The data contains the following columns:
- Call Id: the unique alphanumerical identifier of the complaint;
- Created Date: when was the complaint call recorded;
- Closed Date: when was the issue closed (solved);
- Location Type: type of the signaled location;
- Incident Zip: zip code of the location;	
- Neighborhood: same as Borough (see below), apart from Queens; 	
- Borough: administrative division of the city (Manhattan, Brooklyn, Bronx, Queens and Staten Island)	;
- Latitude: latitude of the location (with some approximation);
- Longitude: longitude of the location (with some approximation).

The packages used in this notebook are:
- Pandas (see [Documentation](https://pandas.pydata.org/docs/reference/index.html))
- Numpy (see [Documentation](https://numpy.org/doc/stable/reference/index.html#reference))
- Matplotlib (pyplot) (see [Documentation](https://matplotlib.org/2.0.2/contents.html))

Let's import these Packages:

In [None]:
import numpy as np
import pandas as pd
import matplotlib.pyplot as plt

%matplotlib inline

---
<a id='part1'></a>
## Part 1: Loading data in a Pandas DataFrame, selection and indexing.

### Loading the data

We start by loading the data set. Pandas allows a variety of input data sources, including comma-separated values (CSV) files (e.g., `.csv` files), excel spreadhsheets, and relational databases. Here we gather the data from a `.csv` file hosted in a server, using a specific address (e.g., url). Alternatively, we could have first downloaded the data, and then loaded from our local hard disk.

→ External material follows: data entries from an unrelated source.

(* Let $f=a_0+a_1x+\cdots+a_nx^n\in\mathbb{Z}[x]$ be a primitive polynomial. Suppose that $a_0=\pm p^k d$ and $\gcd(a_0,a_1,a_2)=p^k$ for some positive integers $k$ and $d$ and a prime number $p$, where $p\nmid a_3 d$ and $\gcd(k,3)=1$, and that every zero $\theta\in\mathbb{C}$ of $f$ satisfies $|\theta|>d$. Then $f$ is irreducible in $\mathbb{Z}[x]$.
   Context: A polynomial $a_0+a_1x+\cdots+a_nx^n\in\mathbb{Z}[x]$ is primitive if $\gcd(a_0,a_1,\ldots,a_n)=1$. Coefficients $a_i$ with $i>n$ are taken to be $0$. *)

theory Defs
  imports "HOL-Computational_Algebra.Computational_Algebra"
begin

end

theory Submission
  imports Defs
begin

(* Suppose f = g h with g, h nonconstant, with constant terms b0, c0. Over the complex numbers
   |b0| is |lead_coeff g| times the product of the moduli of the roots of g, hence |b0| > d,
   and likewise |c0| > d. As b0 c0 = +-p^k d, neither factor can be prime to p, so
   b0 = p^i u and c0 = p^j w with i, j >= 1, i + j = k and p not dividing u w. Modulo p the
   cubic coefficient of f is b1 c2 + b2 c1, so p divides at most one of b1 and c1; say not b1.
   In the linear coefficient b0 c1 + b1 c0, which p^k divides, b1 c0 has valuation exactly j < k,
   so b0 c1 also has valuation j: i <= j and c1 has valuation j - i. In the quadratic
   coefficient b0 c2 + b1 c1 + b2 c0 the term b1 c1 (if j - i < i) or b0 c2 (if j - i > i) has
   strictly smallest valuation, which is below k; hence j - i = i and k = 3 i, contradicting
   gcd k 3 = 1. *)

lemma primitive_mult_degree_0_imp_unit:
  fixes g h :: "'a :: {factorial_ring_gcd, normalization_semidom_multiplicative} poly"
  assumes "content (g * h) = 1" and "degree g = 0"
  shows "is_unit g"
proof -
  obtain c where c: "g = [:c:]" using assms(2) degree_eq_zeroE by blast
  have "normalize c * content h = 1" using assms(1) by (simp add: content_mult c)
  hence "c dvd 1" by (metis dvd_triv_left normalize_dvd_iff)
  thus ?thesis using c by (simp add: is_unit_const_poly_iff)
qed

lemma irreducible_primitive_polyI:
  fixes f :: "'a :: {factorial_ring_gcd, normalization_semidom_multiplicative} poly"
  assumes "content f = 1" and "degree f \<ge> 1"
    and "\<And>g h. f = g * h \<Longrightarrow> degree g \<ge> 1 \<Longrightarrow> degree h \<ge> 1 \<Longrightarrow> False"
  shows "irreducible f"
proof (rule irreducibleI)
  show "f \<noteq> 0" and "\<not> is_unit f"
    using assms(2) by (auto elim: is_unit_polyE)
next
  fix g h assume f: "f = g * h"
  show "is_unit g \<or> is_unit h"
  proof (rule ccontr)
    assume "\<not> (is_unit g \<or> is_unit h)"
    hence "degree g \<ge> 1" and "degree h \<ge> 1"
      using primitive_mult_degree_0_imp_unit[of g h] primitive_mult_degree_0_imp_unit[of h g]
        assms(1) f by (auto simp: mult.commute Suc_le_eq)
    thus False using assms(3) f by blast
  qed
qed

lemma map_poly_of_int_mult:
  "map_poly (of_int :: int \<Rightarrow> 'a :: comm_ring_1) (p * q) = map_poly of_int p * map_poly of_int q"
  by (simp add: poly_eq_iff coeff_map_poly coeff_mult)

lemma norm_poly_0_gt_power_degree:
  fixes q :: "complex poly" and D :: real
  assumes "degree q \<ge> 1" and "D \<ge> 0" and roots: "\<And>z. poly q z = 0 \<Longrightarrow> D < cmod z"
  shows "D ^ degree q * cmod (lead_coeff q) < cmod (poly q 0)"
proof -
  obtain r where q: "smult (lead_coeff q) (\<Prod>i<degree q. [:- r i, 1:]) = q"
    by (rule complex_poly_decompose')
  have "lead_coeff q \<noteq> 0" using assms(1) by auto
  have "poly q (r i) = 0" if "i < degree q" for i
    using that by (subst q [symmetric]) (auto simp: poly_prod)
  hence "D < cmod (r i)" if "i < degree q" for i using roots that by blast
  hence "(\<Prod>i<degree q. D) < (\<Prod>i<degree q. cmod (r i))"
    using assms(1,2) by (intro prod_mono_strict[of 0]) (force intro: less_imp_le le_less_trans)+
  moreover have "poly q 0 = lead_coeff q * (\<Prod>i<degree q. - r i)"
    by (subst q [symmetric]) (simp add: poly_prod)
  ultimately show ?thesis
    using \<open>lead_coeff q \<noteq> 0\<close> by (simp add: norm_mult prod_norm [symmetric] mult.commute)
qed

lemma abs_coeff_0_gt_of_roots_gt:
  fixes f g :: "int poly" and D :: real
  assumes "g dvd f" and "degree g \<ge> 1" and "D \<ge> 1"
    and roots: "\<forall>z::complex. poly (map_poly of_int f) z = 0 \<longrightarrow> D < cmod z"
  shows "D < \<bar>coeff g 0\<bar>"
proof -
  define G where "G = map_poly (of_int :: int \<Rightarrow> complex) g"
  obtain h where "f = g * h" using assms(1) by blast
  hence "D < cmod z" if "poly G z = 0" for z
    using roots that by (simp add: G_def map_poly_of_int_mult)
  moreover have "degree G = degree g" by (simp add: G_def degree_map_poly)
  ultimately have "D ^ degree g * cmod (lead_coeff G) < cmod (poly G 0)"
    using norm_poly_0_gt_power_degree[of G D] assms(2,3) by simp
  hence "D ^ degree g * \<bar>lead_coeff g\<bar> < \<bar>coeff g 0\<bar>"
    by (simp add: G_def degree_map_poly coeff_map_poly poly_0_coeff_0)
  moreover have "D \<le> D ^ degree g"
    using assms(2,3) by (metis power_increasing power_one_right)
  moreover have "lead_coeff g \<noteq> 0" using assms(2) by auto
  hence "1 \<le> \<bar>real_of_int (lead_coeff g)\<bar>"
    by (metis of_int_1_le_iff of_int_abs int_one_le_iff_zero_less zero_less_abs_iff)
  ultimately show ?thesis
    using \<open>D \<ge> 1\<close> mult_mono[of D "D ^ degree g" 1 "\<bar>real_of_int (lead_coeff g)\<bar>"] by simp
qed

lemma prime_dvd_of_large_dvd_prime_power_mult:
  fixes p x e :: int
  assumes "prime p" and "x dvd p ^ k * e" and "e \<noteq> 0" and "\<bar>e\<bar> < \<bar>x\<bar>"
  shows "p dvd x"
proof (rule ccontr)
  assume "\<not> p dvd x"
  hence "coprime x (p ^ k)" using assms(1) by (simp add: coprime_commute prime_imp_coprime)
  hence "x dvd e" using assms(2) by (simp add: coprime_dvd_mult_right_iff)
  thus False using assms(3,4) by (auto dest: dvd_imp_le_int)
qed

lemma power_Suc_dvd_power_mult_iff:
  fixes p x :: "'a :: idom"
  assumes "p \<noteq> 0"
  shows "p ^ Suc e dvd p ^ e * x \<longleftrightarrow> p dvd x"
  using assms by (simp add: power_Suc2)

lemma linear_coeff_exact_power:
  fixes p u w b1 c1 :: int
  assumes p: "prime p" and "i \<ge> 1" and u: "\<not> p dvd u" and "\<not> p dvd w" and "\<not> p dvd b1"
    and lin: "p ^ (i + j) dvd p ^ i * u * c1 + b1 * (p ^ j * w)"
  obtains t where "i \<le> j" and "c1 = p ^ (j - i) * t" and "\<not> p dvd t"
proof -
  have "p \<noteq> 0" using p by auto
  have "\<not> p ^ Suc j dvd p ^ j * (b1 * w)"
    using assms \<open>p \<noteq> 0\<close> by (simp add: power_Suc_dvd_power_mult_iff prime_dvd_mult_iff)
  moreover have "p ^ Suc j dvd p ^ (i + j)" using \<open>i \<ge> 1\<close> by (intro le_imp_power_dvd) simp
  ultimately have not_Suc_j: "\<not> p ^ Suc j dvd p ^ i * u * c1"
    using lin by (metis dvd_add_right_iff dvd_trans mult.left_commute)
  have "i \<le> j"
  proof (rule ccontr)
    assume "\<not> i \<le> j"
    hence "p ^ Suc j dvd p ^ i" by (intro le_imp_power_dvd) simp
    thus False using not_Suc_j by (metis dvd_mult2)
  qed
  have "p ^ j dvd p ^ i * u * c1"
  proof -
    have "p ^ j dvd p ^ i * u * c1 + b1 * (p ^ j * w)"
      using lin dvd_trans[OF le_imp_power_dvd[of j "i + j" p]] by simp
    thus ?thesis by (simp add: dvd_add_left_iff)
  qed
  hence "p ^ i * p ^ (j - i) dvd p ^ i * (u * c1)"
    using \<open>i \<le> j\<close> by (simp add: power_add [symmetric] mult.assoc)
  hence "p ^ (j - i) dvd u * c1" using \<open>p \<noteq> 0\<close> by simp
  moreover have "coprime (p ^ (j - i)) u" using p u by (simp add: prime_imp_coprime)
  ultimately obtain t where t: "c1 = p ^ (j - i) * t"
    using coprime_dvd_mult_right_iff by blast
  moreover have "\<not> p dvd t"
  proof
    assume "p dvd t"
    hence "p ^ Suc j dvd p ^ i * p ^ (j - i) * t"
      using \<open>i \<le> j\<close> by (simp add: power_add [symmetric] mult_dvd_mono)
    thus False using not_Suc_j t by (metis dvd_mult2 mult.commute mult.left_commute)
  qed
  ultimately show ?thesis using \<open>i \<le> j\<close> that by blast
qed

lemma quadratic_coeff_exponent_double:
  fixes p u w b1 b2 c1 c2 :: int
  assumes p: "prime p" and "i \<ge> 1" and "j \<ge> 1"
    and u: "\<not> p dvd u" and w: "\<not> p dvd w" and b1: "\<not> p dvd b1"
    and lin: "p ^ (i + j) dvd p ^ i * u * c1 + b1 * (p ^ j * w)"
    and quad: "p ^ (i + j) dvd p ^ i * u * c2 + b1 * c1 + b2 * (p ^ j * w)"
    and cubic: "\<not> p dvd b1 * c2 + b2 * c1"
  shows "j = 2 * i"
proof -
  have "p \<noteq> 0" using p by auto
  obtain t where "i \<le> j" and c1: "c1 = p ^ (j - i) * t" and t: "\<not> p dvd t"
    using linear_coeff_exact_power[OF p \<open>i \<ge> 1\<close> u w b1 lin] .
  define m where "m = j - i"
  have j: "j = i + m" using \<open>i \<le> j\<close> by (simp add: m_def)
  have quad_mod: "p ^ Suc e dvd p ^ i * u * c2 + b1 * c1 + b2 * (p ^ j * w)" if "e < i + j" for e
    using quad that by (meson Suc_leI dvd_trans le_imp_power_dvd)
  have "\<not> m < i"
  proof
    assume "m < i"
    have "p ^ Suc m dvd p ^ i * u * c2" using \<open>m < i\<close>
      by (metis Suc_leI dvd_mult2 le_imp_power_dvd)
    moreover have "p ^ Suc m dvd b2 * (p ^ j * w)" using \<open>m < i\<close> j
      by (intro dvd_mult dvd_mult2 le_imp_power_dvd) simp
    moreover have "\<not> p ^ Suc m dvd b1 * c1"
      using b1 t \<open>p \<noteq> 0\<close> p
      by (simp add: c1 m_def mult.left_commute power_Suc_dvd_power_mult_iff prime_dvd_mult_iff)
    ultimately show False using quad_mod[of m] \<open>m < i\<close>
      by (metis add.commute dvd_add_right_iff trans_less_add2)
  qed
  moreover have "\<not> i < m"
  proof
    assume "i < m"
    hence "p dvd c1" by (simp add: c1 m_def [symmetric])
    hence "\<not> p dvd c2" using cubic b1 by auto
    hence "\<not> p ^ Suc i dvd p ^ i * u * c2"
      using u p \<open>p \<noteq> 0\<close> by (simp add: mult.assoc power_Suc_dvd_power_mult_iff prime_dvd_mult_iff)
    moreover have "p ^ Suc i dvd b1 * c1" using \<open>i < m\<close>
      unfolding c1 m_def [symmetric] by (intro dvd_mult dvd_mult2 le_imp_power_dvd) simp
    moreover have "p ^ Suc i dvd b2 * (p ^ j * w)" using \<open>i < m\<close> j
      by (intro dvd_mult dvd_mult2 le_imp_power_dvd) simp
    ultimately show False using quad_mod[of i] \<open>j \<ge> 1\<close>
      by (metis dvd_add_left_iff less_add_same_cancel1 less_le_trans zero_less_one)
  qed
  ultimately show ?thesis using j by simp
qed

lemma three_dvd_exponent_of_low_coeffs:
  fixes g h :: "int poly" and p e :: int
  assumes p: "prime p"
    and const: "coeff (g * h) 0 = p ^ k * e" and "\<not> p dvd e"
    and "p dvd coeff g 0" and "p dvd coeff h 0"
    and lin: "p ^ k dvd coeff (g * h) 1" and quad: "p ^ k dvd coeff (g * h) 2"
    and cubic: "\<not> p dvd coeff (g * h) 3"
  shows "3 dvd k"
proof -
  let ?b = "coeff g" and ?c = "coeff h"
  have coeffs: "coeff (g * h) 0 = ?b 0 * ?c 0"
    "coeff (g * h) 1 = ?b 0 * ?c 1 + ?b 1 * ?c 0"
    "coeff (g * h) 2 = ?b 0 * ?c 2 + ?b 1 * ?c 1 + ?b 2 * ?c 0"
    "coeff (g * h) 3 = ?b 0 * ?c 3 + ?b 1 * ?c 2 + ?b 2 * ?c 1 + ?b 3 * ?c 0"
    by (simp_all add: coeff_mult numeral_2_eq_2 numeral_3_eq_3)
  have "p \<noteq> 0" and "\<not> is_unit p" using p by auto
  have "e \<noteq> 0" using \<open>\<not> p dvd e\<close> by auto
  hence "?b 0 \<noteq> 0" and "?c 0 \<noteq> 0" using const coeffs(1) \<open>p \<noteq> 0\<close> by auto
  then obtain i j u w where b0: "?b 0 = p ^ i * u" and u: "\<not> p dvd u"
    and c0: "?c 0 = p ^ j * w" and w: "\<not> p dvd w"
    using \<open>\<not> is_unit p\<close> by (metis multiplicity_decompose')
  have "coeff (g * h) 0 = p ^ (i + j) * (u * w)"
    using coeffs(1) b0 c0 by (simp add: power_add ac_simps)
  moreover have "\<not> p dvd u * w" using u w p by (simp add: prime_dvd_mult_iff)
  ultimately have k: "k = i + j"
    using const \<open>\<not> p dvd e\<close> \<open>p \<noteq> 0\<close> by (metis multiplicity_decomposeI)
  have "i \<ge> 1" and "j \<ge> 1"
    using assms(4,5) b0 c0 u w by (auto simp: Suc_le_eq intro: Nat.gr0I)
  have mid: "\<not> p dvd ?b 1 * ?c 2 + ?b 2 * ?c 1"
  proof
    assume "p dvd ?b 1 * ?c 2 + ?b 2 * ?c 1"
    with assms(4,5) have "p dvd ?b 0 * ?c 3 + (?b 1 * ?c 2 + ?b 2 * ?c 1) + ?b 3 * ?c 0" by simp
    thus False using cubic by (simp add: coeffs(4) add.assoc)
  qed
  have lin': "p ^ (i + j) dvd p ^ i * u * ?c 1 + ?b 1 * (p ^ j * w)"
    and quad': "p ^ (i + j) dvd p ^ i * u * ?c 2 + ?b 1 * ?c 1 + ?b 2 * (p ^ j * w)"
    using lin quad by (simp_all only: coeffs b0 c0 k)
  consider "\<not> p dvd ?b 1" | "\<not> p dvd ?c 1" using mid by (metis dvd_add dvd_mult dvd_mult2)
  hence "j = 2 * i \<or> i = 2 * j"
  proof cases
    case 1
    thus ?thesis using quadratic_coeff_exponent_double[OF p \<open>i \<ge> 1\<close> \<open>j \<ge> 1\<close> u w 1 lin' quad' mid]
      by simp
  next
    case 2
    have "p ^ (j + i) dvd p ^ j * w * ?b 1 + ?c 1 * (p ^ i * u)"
      and "p ^ (j + i) dvd p ^ j * w * ?b 2 + ?c 1 * ?b 1 + ?c 2 * (p ^ i * u)"
      and "\<not> p dvd ?c 1 * ?b 2 + ?c 2 * ?b 1"
      using lin' quad' mid by (simp_all add: ac_simps)
    thus ?thesis using quadratic_coeff_exponent_double[OF p \<open>j \<ge> 1\<close> \<open>i \<ge> 1\<close> w u 2] by simp
  qed
  thus ?thesis using k by auto
qed

theorem theorem24:
  fixes f :: "int poly" and p k d :: nat
  assumes "content f = 1"
    and "prime p" and "k > 0" and "d > 0"
    and "coeff f 0 = int p ^ k * int d \<or> coeff f 0 = - (int p ^ k * int d)"
    and "gcd (coeff f 0) (gcd (coeff f 1) (coeff f 2)) = int p ^ k"
    and "\<not> int p dvd coeff f 3 * int d"
    and "gcd k 3 = 1"
    and "\<forall>\<theta>::complex. poly (map_poly of_int f) \<theta> = 0 \<longrightarrow> cmod \<theta> > real d"
  shows "irreducible f"
proof (rule irreducible_primitive_polyI[OF assms(1)])
  obtain e where const: "coeff f 0 = int p ^ k * e" and e: "\<bar>e\<bar> = int d"
    using assms(5) by (metis abs_minus abs_of_nat mult_minus_right)
  have p: "prime (int p)" using assms(2) by simp
  have "\<not> int p dvd int d" and cubic: "\<not> int p dvd coeff f 3"
    using assms(7) by (auto intro: dvd_mult dvd_mult2)
  hence "\<not> int p dvd e" using e by (metis dvd_abs_iff)
  have "int p ^ k dvd gcd (coeff f 1) (coeff f 2)" using assms(6) by (metis gcd_dvd2)
  hence "int p ^ k dvd coeff f 1" and "int p ^ k dvd coeff f 2" by (auto intro: dvd_trans)
  show "degree f \<ge> 1" using cubic le_degree[of f 3] by fastforce
  fix g h assume f: "f = g * h" and "degree g \<ge> 1" and "degree h \<ge> 1"
  have "real d \<ge> 1" using assms(4) by simp
  have "real d < \<bar>coeff g 0\<bar>" and "real d < \<bar>coeff h 0\<bar>"
    using abs_coeff_0_gt_of_roots_gt[OF _ _ \<open>real d \<ge> 1\<close> assms(9)] f
      \<open>degree g \<ge> 1\<close> \<open>degree h \<ge> 1\<close> by simp_all
  moreover have const_mult: "coeff g 0 * coeff h 0 = int p ^ k * e"
    using const f by (simp add: coeff_mult_0)
  hence "coeff g 0 dvd int p ^ k * e" and "coeff h 0 dvd int p ^ k * e"
    by (simp_all flip: const_mult)
  ultimately have "int p dvd coeff g 0" and "int p dvd coeff h 0"
    using prime_dvd_of_large_dvd_prime_power_mult[OF p] e assms(4) by simp_all
  hence "3 dvd k"
    using three_dvd_exponent_of_low_coeffs[OF p] const f \<open>\<not> int p dvd e\<close> cubic
      \<open>int p ^ k dvd coeff f 1\<close> \<open>int p ^ k dvd coeff f 2\<close> by blast
  hence "3 dvd gcd k 3" by simp
  thus False using assms(8) by simp
qed

end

Since we are fetching data from a server, running the cell below may take some time.

In [None]:
dataset_url = 'https://surfdrive.surf.nl/files/index.php/s/DCtctCUajQky4Gb/download'
df = pd.read_csv(dataset_url)

Now we use the `.head()` function of our newly created Pandas object to get a sneak peek of the data. This function displays the first five rows of the dataframe by default. We can specify how many rows to display by inputting the number of rows ourselves, that is the only argument of `.head()`.

In [None]:
df.head() # sneak peek

As you can see, the DataFrame object we just created (e.g., `df`) is a 2-dimensional data structure that can store data of different types in columns. It is similar to a spreadsheet or an SQL table, or the `data.frame` in R, in case you are familiar with the latter programming environment. 

### The DataFrame

A DataFrame always has a "vertical" index (i.e., the very first column in the table displayed above) and a "horizontal" one, the columns themselves. You can access them as follows:

In [None]:
df.index

In [None]:
df.columns

The data in the table is instead stored in the `values` property of the DataFrame

In [None]:
df.values

Noticing something familiar? The values of the DataFrame look like a NumPy array! Indeed, Pandas is built on top of NumPy.

In [None]:
type(df.values)

### Creating a DataFrame from scratch

Before we created a dataframe from an existing data source, which is extremely common. You can create DataFrames in many other ways, for instance from a numpy array and a list of columns:

In [None]:
random_data = np.random.rand(5,3)       # create a 5x3 table of random numbers
cols = ['column 1','column 2','column 3']
pd.DataFrame(data=random_data,columns=cols)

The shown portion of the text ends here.